— Exercise instructions —
The records that appear below are to be restated word for word.

— Listed entries —

definition global_map :: "int \<Rightarrow> (nat \<Rightarrow> int) \<Rightarrow> nat \<Rightarrow> (nat \<Rightarrow> int) \<Rightarrow> (nat \<Rightarrow> int)" where
  "global_map d c n x = (\<lambda>i. if i < n then
      fdca_rule d c (if i = 0 then 0 else x (i - 1)) (x i) (if i + 1 < n then x (i + 1) else 0)
    else 0)"

definition reversible :: "int \<Rightarrow> (nat \<Rightarrow> int) \<Rightarrow> nat \<Rightarrow> bool" where
  "reversible d c n \<longleftrightarrow> bij_betw (global_map d c n) (configs d n) (configs d n)"

definition rad :: "int \<Rightarrow> int" where
  "rad d = (\<Prod>p\<in>prime_factors d. p)"

end

theory Submission
  imports Defs "HOL-Number_Theory.Number_Theory"
begin

(* Reduction modulo a prime p dividing d carries the automaton onto the one over Z_p with the
  same coefficients, so injectivity for every n survives. Suppose c4 and c6 are units mod p.
  If the coefficient c0 x y + c2 x + c3 y + c6 of the right neighbour vanishes for some
  x != 0, then the p configurations [..., x, y, z] differing only in the last cell have the same
  image outside that cell; by counting they exhaust all configurations whose image agrees there,
  which an explicit configuration starting with 0 contradicts. This gives c3 = 0 (n = 2), c1 = 0
  by mirror symmetry, and then c0 = c2 = 0 (n = 3), all mod p. The remaining linear automaton is
  not injective: the sequence u with u0 = 0, u1 = 1 and c4 u(k) + c5 u(k+1) + c6 u(k+2) = 0 is
  purely periodic since c4 is a unit, so u(m) = 0 for some m >= 2, and (u1, ..., u(m-1)) has
  the same image as the zero configuration for n = m - 1. *)

lemma prod_primes_dvd:
  fixes x :: "'a :: factorial_semiring_gcd"
  assumes "finite P" and "\<And>p. p \<in> P \<Longrightarrow> prime p \<and> p dvd x"
  shows "\<Prod>P dvd x"
  using assms
proof (induction P rule: finite_induct)
  case (insert q P)
  have "q \<notin> P" "prime q" "q dvd x" "\<forall>p\<in>P. prime p" using insert by auto
  then have "coprime q (\<Prod>P)"
    by (intro prod_coprime_right) (metis prime_imp_coprime primes_dvd_imp_eq)
  with insert show ?case by (simp add: divides_mult)
qed simp

lemma prime_cong_solvable:
  fixes p a b :: int
  assumes "prime p" and "\<not> p dvd a"
  obtains x where "0 \<le> x" "x < p" "[a * x = b] (mod p)"
proof -
  have "coprime a p"
    using assms by (meson prime_imp_coprime coprime_commute)
  then obtain iv where iv: "[a * iv = 1] (mod p)"
    using cong_solve_coprime_int by blast
  have "[a * (b * iv mod p) = b * (a * iv)] (mod p)"
    by (simp add: cong_def mod_simps algebra_simps)
  also have "[b * (a * iv) = b * 1] (mod p)"
    by (intro cong_mult cong_refl iv)
  finally show ?thesis
    using that[of "b * iv mod p"] prime_gt_0_int[OF assms(1)] by simp
qed

definition config_of_list :: "int list \<Rightarrow> nat \<Rightarrow> int" where
  "config_of_list xs = (\<lambda>i. if i < length xs then xs ! i else 0)"

lemma config_of_list_in_configs:
  "set xs \<subseteq> {0..<d} \<Longrightarrow> length xs = n \<Longrightarrow> config_of_list xs \<in> configs d n"
  using nth_mem by (fastforce simp: configs_def config_of_list_def)

lemma configs_eq_image_config_of_list:
  "configs d n = config_of_list ` {xs. set xs \<subseteq> {0..<d} \<and> length xs = n}"
proof (intro equalityI subsetI)
  fix x assume "x \<in> configs d n"
  then have "x = config_of_list (map x [0..<n])" "set (map x [0..<n]) \<subseteq> {0..<d}"
    by (auto simp: configs_def config_of_list_def)
  then show "x \<in> config_of_list ` {xs. set xs \<subseteq> {0..<d} \<and> length xs = n}"
    by auto
qed (auto intro: config_of_list_in_configs)

lemma finite_configs: "finite (configs d n)"
  unfolding configs_eq_image_config_of_list
  by (intro finite_imageI finite_lists_length_eq) simp

lemma fdca_rule_range: "0 < d \<Longrightarrow> fdca_rule d c x y z \<in> {0..<d}"
  by (simp add: fdca_rule_def)

lemma fdca_rule_cong:
  assumes "[x = x'] (mod m)" "[y = y'] (mod m)" "[z = z'] (mod m)"
  shows "fdca_rule m c x y z = fdca_rule m c x' y' z'"
proof -
  have "[c 0 * x * y * z + c 1 * x * y + c 2 * x * z + c 3 * y * z + c 4 * x + c 5 * y + c 6 * z + c 7
       = c 0 * x' * y' * z' + c 1 * x' * y' + c 2 * x' * z' + c 3 * y' * z' + c 4 * x' + c 5 * y' + c 6 * z' + c 7] (mod m)"
    by (intro cong_add cong_mult cong_refl assms)
  then show ?thesis by (simp add: fdca_rule_def cong_def)
qed

lemma fdca_rule_mod_dvd: "m dvd d \<Longrightarrow> fdca_rule d c x y z mod m = fdca_rule m c x y z"
  by (simp add: fdca_rule_def mod_mod_cancel)

lemma global_map_range: "0 < d \<Longrightarrow> global_map d c n x i \<in> {0..<d}"
  using fdca_rule_range by (simp add: global_map_def)

lemma global_map_in_configs: "0 < d \<Longrightarrow> global_map d c n x \<in> configs d n"
  by (simp add: configs_def global_map_def fdca_rule_def)

lemma global_map_mod_dvd:
  assumes "m dvd d"
  shows "global_map m c n (\<lambda>i. x i mod m) = (\<lambda>i. global_map d c n x i mod m)"
proof
  fix i
  have "fdca_rule m c (if i = 0 then 0 else x (i - 1) mod m) (x i mod m)
          (if i + 1 < n then x (i + 1) mod m else 0)
      = fdca_rule m c (if i = 0 then 0 else x (i - 1)) (x i) (if i + 1 < n then x (i + 1) else 0)"
    by (intro fdca_rule_cong) (simp_all add: cong_def)
  then show "global_map m c n (\<lambda>i. x i mod m) i = global_map d c n x i mod m"
    using assms by (simp add: global_map_def fdca_rule_mod_dvd)
qed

— Written solution —
definition global_map :: "int \<Rightarrow> (nat \<Rightarrow> int) \<Rightarrow> nat \<Rightarrow> (nat \<Rightarrow> int) \<Rightarrow> (nat \<Rightarrow> int)" where
  "global_map d c n x = (\<lambda>i. if i < n then
      fdca_rule d c (if i = 0 then 0 else x (i - 1)) (x i) (if i + 1 < n then x (i + 1) else 0)
    else 0)"

definition reversible :: "int \<Rightarrow> (nat \<Rightarrow> int) \<Rightarrow> nat \<Rightarrow> bool" where
  "reversible d c n \<longleftrightarrow> bij_betw (global_map d c n) (configs d n) (configs d n)"

definition rad :: "int \<Rightarrow> int" where
  "rad d = (\<Prod>p\<in>prime_factors d. p)"

end

theory Submission
  imports Defs "HOL-Number_Theory.Number_Theory"
begin

(* Reduction modulo a prime p dividing d carries the automaton onto the one over Z_p with the
  same coefficients, so injectivity for every n survives. Suppose c4 and c6 are units mod p.
  If the coefficient c0 x y + c2 x + c3 y + c6 of the right neighbour vanishes for some
  x != 0, then the p configurations [..., x, y, z] differing only in the last cell have the same
  image outside that cell; by counting they exhaust all configurations whose image agrees there,
  which an explicit configuration starting with 0 contradicts. This gives c3 = 0 (n = 2), c1 = 0
  by mirror symmetry, and then c0 = c2 = 0 (n = 3), all mod p. The remaining linear automaton is
  not injective: the sequence u with u0 = 0, u1 = 1 and c4 u(k) + c5 u(k+1) + c6 u(k+2) = 0 is
  purely periodic since c4 is a unit, so u(m) = 0 for some m >= 2, and (u1, ..., u(m-1)) has
  the same image as the zero configuration for n = m - 1. *)

lemma prod_primes_dvd:
  fixes x :: "'a :: factorial_semiring_gcd"
  assumes "finite P" and "\<And>p. p \<in> P \<Longrightarrow> prime p \<and> p dvd x"
  shows "\<Prod>P dvd x"
  using assms
proof (induction P rule: finite_induct)
  case (insert q P)
  have "q \<notin> P" "prime q" "q dvd x" "\<forall>p\<in>P. prime p" using insert by auto
  then have "coprime q (\<Prod>P)"
    by (intro prod_coprime_right) (metis prime_imp_coprime primes_dvd_imp_eq)
  with insert show ?case by (simp add: divides_mult)
qed simp

lemma prime_cong_solvable:
  fixes p a b :: int
  assumes "prime p" and "\<not> p dvd a"
  obtains x where "0 \<le> x" "x < p" "[a * x = b] (mod p)"
proof -
  have "coprime a p"
    using assms by (meson prime_imp_coprime coprime_commute)
  then obtain iv where iv: "[a * iv = 1] (mod p)"
    using cong_solve_coprime_int by blast
  have "[a * (b * iv mod p) = b * (a * iv)] (mod p)"
    by (simp add: cong_def mod_simps algebra_simps)
  also have "[b * (a * iv) = b * 1] (mod p)"
    by (intro cong_mult cong_refl iv)
  finally show ?thesis
    using that[of "b * iv mod p"] prime_gt_0_int[OF assms(1)] by simp
qed

definition config_of_list :: "int list \<Rightarrow> nat \<Rightarrow> int" where
  "config_of_list xs = (\<lambda>i. if i < length xs then xs ! i else 0)"

lemma config_of_list_in_configs:
  "set xs \<subseteq> {0..<d} \<Longrightarrow> length xs = n \<Longrightarrow> config_of_list xs \<in> configs d n"
  using nth_mem by (fastforce simp: configs_def config_of_list_def)

lemma configs_eq_image_config_of_list:
  "configs d n = config_of_list ` {xs. set xs \<subseteq> {0..<d} \<and> length xs = n}"
proof (intro equalityI subsetI)
  fix x assume "x \<in> configs d n"
  then have "x = config_of_list (map x [0..<n])" "set (map x [0..<n]) \<subseteq> {0..<d}"
    by (auto simp: configs_def config_of_list_def)
  then show "x \<in> config_of_list ` {xs. set xs \<subseteq> {0..<d} \<and> length xs = n}"
    by auto
qed (auto intro: config_of_list_in_configs)

lemma finite_configs: "finite (configs d n)"
  unfolding configs_eq_image_config_of_list
  by (intro finite_imageI finite_lists_length_eq) simp

lemma fdca_rule_range: "0 < d \<Longrightarrow> fdca_rule d c x y z \<in> {0..<d}"
  by (simp add: fdca_rule_def)

lemma fdca_rule_cong:
  assumes "[x = x'] (mod m)" "[y = y'] (mod m)" "[z = z'] (mod m)"
  shows "fdca_rule m c x y z = fdca_rule m c x' y' z'"
proof -
  have "[c 0 * x * y * z + c 1 * x * y + c 2 * x * z + c 3 * y * z + c 4 * x + c 5 * y + c 6 * z + c 7
       = c 0 * x' * y' * z' + c 1 * x' * y' + c 2 * x' * z' + c 3 * y' * z' + c 4 * x' + c 5 * y' + c 6 * z' + c 7] (mod m)"
    by (intro cong_add cong_mult cong_refl assms)
  then show ?thesis by (simp add: fdca_rule_def cong_def)
qed

lemma fdca_rule_mod_dvd: "m dvd d \<Longrightarrow> fdca_rule d c x y z mod m = fdca_rule m c x y z"
  by (simp add: fdca_rule_def mod_mod_cancel)

lemma global_map_range: "0 < d \<Longrightarrow> global_map d c n x i \<in> {0..<d}"
  using fdca_rule_range by (simp add: global_map_def)

lemma global_map_in_configs: "0 < d \<Longrightarrow> global_map d c n x \<in> configs d n"
  by (simp add: configs_def global_map_def fdca_rule_def)

lemma global_map_mod_dvd:
  assumes "m dvd d"
  shows "global_map m c n (\<lambda>i. x i mod m) = (\<lambda>i. global_map d c n x i mod m)"
proof
  fix i
  have "fdca_rule m c (if i = 0 then 0 else x (i - 1) mod m) (x i mod m)
          (if i + 1 < n then x (i + 1) mod m else 0)
      = fdca_rule m c (if i = 0 then 0 else x (i - 1)) (x i) (if i + 1 < n then x (i + 1) else 0)"
    by (intro fdca_rule_cong) (simp_all add: cong_def)
  then show "global_map m c n (\<lambda>i. x i mod m) i = global_map d c n x i mod m"
    using assms by (simp add: global_map_def fdca_rule_mod_dvd)
qed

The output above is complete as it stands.